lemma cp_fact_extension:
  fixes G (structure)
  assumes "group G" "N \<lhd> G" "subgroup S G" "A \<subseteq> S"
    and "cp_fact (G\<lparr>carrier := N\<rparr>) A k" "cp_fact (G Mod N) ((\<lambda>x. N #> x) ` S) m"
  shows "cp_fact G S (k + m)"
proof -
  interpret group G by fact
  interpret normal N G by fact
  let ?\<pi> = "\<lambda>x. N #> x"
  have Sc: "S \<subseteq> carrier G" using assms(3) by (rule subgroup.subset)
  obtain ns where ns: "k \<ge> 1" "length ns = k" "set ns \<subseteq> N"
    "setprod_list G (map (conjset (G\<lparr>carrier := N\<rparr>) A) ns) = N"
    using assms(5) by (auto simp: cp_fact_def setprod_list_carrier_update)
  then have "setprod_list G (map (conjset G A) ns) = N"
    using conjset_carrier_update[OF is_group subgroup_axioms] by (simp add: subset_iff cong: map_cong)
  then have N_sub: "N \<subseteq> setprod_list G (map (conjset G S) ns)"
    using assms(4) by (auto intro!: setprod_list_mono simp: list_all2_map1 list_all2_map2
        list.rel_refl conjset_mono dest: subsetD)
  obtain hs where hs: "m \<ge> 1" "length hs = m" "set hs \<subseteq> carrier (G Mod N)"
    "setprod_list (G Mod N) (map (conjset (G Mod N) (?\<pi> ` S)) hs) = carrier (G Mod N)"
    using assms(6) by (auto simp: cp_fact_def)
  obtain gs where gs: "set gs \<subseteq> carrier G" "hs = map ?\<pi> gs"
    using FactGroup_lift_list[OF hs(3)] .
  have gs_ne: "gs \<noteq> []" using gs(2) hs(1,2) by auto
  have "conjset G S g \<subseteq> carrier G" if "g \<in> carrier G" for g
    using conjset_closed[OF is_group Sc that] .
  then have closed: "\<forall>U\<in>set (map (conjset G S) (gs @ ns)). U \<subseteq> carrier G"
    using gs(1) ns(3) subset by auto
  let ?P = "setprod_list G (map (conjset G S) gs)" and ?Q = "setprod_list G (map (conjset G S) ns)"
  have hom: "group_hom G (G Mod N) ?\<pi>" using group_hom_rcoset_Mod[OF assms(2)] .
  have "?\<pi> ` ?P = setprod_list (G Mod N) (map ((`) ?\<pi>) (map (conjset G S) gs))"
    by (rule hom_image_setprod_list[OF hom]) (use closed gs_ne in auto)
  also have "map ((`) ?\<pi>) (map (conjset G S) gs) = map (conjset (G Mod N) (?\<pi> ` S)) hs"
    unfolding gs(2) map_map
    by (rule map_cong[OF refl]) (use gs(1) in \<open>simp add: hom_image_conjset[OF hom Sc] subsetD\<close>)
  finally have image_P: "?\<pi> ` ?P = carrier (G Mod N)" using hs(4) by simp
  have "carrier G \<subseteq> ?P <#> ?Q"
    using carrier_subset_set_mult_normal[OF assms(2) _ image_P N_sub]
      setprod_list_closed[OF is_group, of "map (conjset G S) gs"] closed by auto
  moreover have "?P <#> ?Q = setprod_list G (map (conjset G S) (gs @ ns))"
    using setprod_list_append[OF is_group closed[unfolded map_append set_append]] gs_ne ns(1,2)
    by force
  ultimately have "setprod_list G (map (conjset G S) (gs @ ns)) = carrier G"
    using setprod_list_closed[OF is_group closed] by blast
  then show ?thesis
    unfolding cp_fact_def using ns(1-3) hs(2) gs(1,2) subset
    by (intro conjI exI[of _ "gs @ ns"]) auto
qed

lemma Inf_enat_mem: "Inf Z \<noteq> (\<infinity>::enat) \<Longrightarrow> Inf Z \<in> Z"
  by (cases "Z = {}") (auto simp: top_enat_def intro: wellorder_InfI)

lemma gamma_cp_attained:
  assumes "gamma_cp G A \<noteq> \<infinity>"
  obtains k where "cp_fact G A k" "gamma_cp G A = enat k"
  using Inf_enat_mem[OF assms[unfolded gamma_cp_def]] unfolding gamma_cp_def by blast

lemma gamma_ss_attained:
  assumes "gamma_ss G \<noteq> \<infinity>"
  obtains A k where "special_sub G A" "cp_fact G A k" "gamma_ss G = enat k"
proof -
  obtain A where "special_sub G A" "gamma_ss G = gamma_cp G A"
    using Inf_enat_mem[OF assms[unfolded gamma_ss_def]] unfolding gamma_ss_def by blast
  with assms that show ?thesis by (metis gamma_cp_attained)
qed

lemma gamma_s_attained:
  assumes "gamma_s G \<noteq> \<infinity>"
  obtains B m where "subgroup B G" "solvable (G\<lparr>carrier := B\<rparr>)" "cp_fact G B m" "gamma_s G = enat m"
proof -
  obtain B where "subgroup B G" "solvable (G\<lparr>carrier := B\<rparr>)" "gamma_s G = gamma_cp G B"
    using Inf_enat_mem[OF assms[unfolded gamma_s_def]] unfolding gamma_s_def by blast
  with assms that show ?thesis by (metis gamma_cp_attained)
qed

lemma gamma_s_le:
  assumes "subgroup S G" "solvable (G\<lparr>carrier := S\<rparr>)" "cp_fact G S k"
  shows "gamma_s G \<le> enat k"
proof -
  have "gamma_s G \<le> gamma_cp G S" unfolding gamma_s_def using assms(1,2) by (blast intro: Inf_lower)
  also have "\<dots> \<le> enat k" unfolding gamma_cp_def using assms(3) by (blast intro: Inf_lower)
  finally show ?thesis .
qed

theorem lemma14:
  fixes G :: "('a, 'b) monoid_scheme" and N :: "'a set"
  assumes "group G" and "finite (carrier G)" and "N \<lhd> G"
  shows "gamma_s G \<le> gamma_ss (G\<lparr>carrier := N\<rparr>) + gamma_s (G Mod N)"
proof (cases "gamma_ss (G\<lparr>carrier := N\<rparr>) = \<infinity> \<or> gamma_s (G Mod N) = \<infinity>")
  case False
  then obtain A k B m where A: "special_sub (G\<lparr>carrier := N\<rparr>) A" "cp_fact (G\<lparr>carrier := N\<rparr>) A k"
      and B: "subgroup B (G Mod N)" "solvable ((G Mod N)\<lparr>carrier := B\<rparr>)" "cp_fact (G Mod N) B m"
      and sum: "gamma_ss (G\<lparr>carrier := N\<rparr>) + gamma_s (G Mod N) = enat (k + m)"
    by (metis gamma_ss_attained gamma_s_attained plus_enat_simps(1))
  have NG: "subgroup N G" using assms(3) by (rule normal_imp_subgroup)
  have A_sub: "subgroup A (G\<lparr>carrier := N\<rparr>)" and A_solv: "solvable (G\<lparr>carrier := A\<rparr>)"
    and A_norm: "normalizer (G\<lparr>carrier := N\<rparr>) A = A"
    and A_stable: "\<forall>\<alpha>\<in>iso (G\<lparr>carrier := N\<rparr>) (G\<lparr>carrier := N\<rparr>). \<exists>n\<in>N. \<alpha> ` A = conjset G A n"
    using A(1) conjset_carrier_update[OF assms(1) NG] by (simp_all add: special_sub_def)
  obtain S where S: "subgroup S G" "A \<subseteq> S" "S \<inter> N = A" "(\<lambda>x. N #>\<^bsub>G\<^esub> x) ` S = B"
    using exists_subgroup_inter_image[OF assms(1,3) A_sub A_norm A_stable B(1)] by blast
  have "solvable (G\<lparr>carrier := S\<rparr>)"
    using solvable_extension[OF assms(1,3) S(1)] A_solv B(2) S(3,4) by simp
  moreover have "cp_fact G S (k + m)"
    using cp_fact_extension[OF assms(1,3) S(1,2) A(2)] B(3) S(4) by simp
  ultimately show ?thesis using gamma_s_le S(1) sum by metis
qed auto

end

==========

Work required :: Taking the entries above, write out exactly the lines starting with the line containing "obtains A k" and going on through the line containing "obtain B where", both included, and nothing else.

Result of this task ::
  obtains A k where "special_sub G A" "cp_fact G A k" "gamma_ss G = enat k"
proof -
  obtain A where "special_sub G A" "gamma_ss G = gamma_cp G A"
    using Inf_enat_mem[OF assms[unfolded gamma_ss_def]] unfolding gamma_ss_def by blast
  with assms that show ?thesis by (metis gamma_cp_attained)
qed

lemma gamma_s_attained:
  assumes "gamma_s G \<noteq> \<infinity>"
  obtains B m where "subgroup B G" "solvable (G\<lparr>carrier := B\<rparr>)" "cp_fact G B m" "gamma_s G = enat m"
proof -
  obtain B where "subgroup B G" "solvable (G\<lparr>carrier := B\<rparr>)" "gamma_s G = gamma_cp G B"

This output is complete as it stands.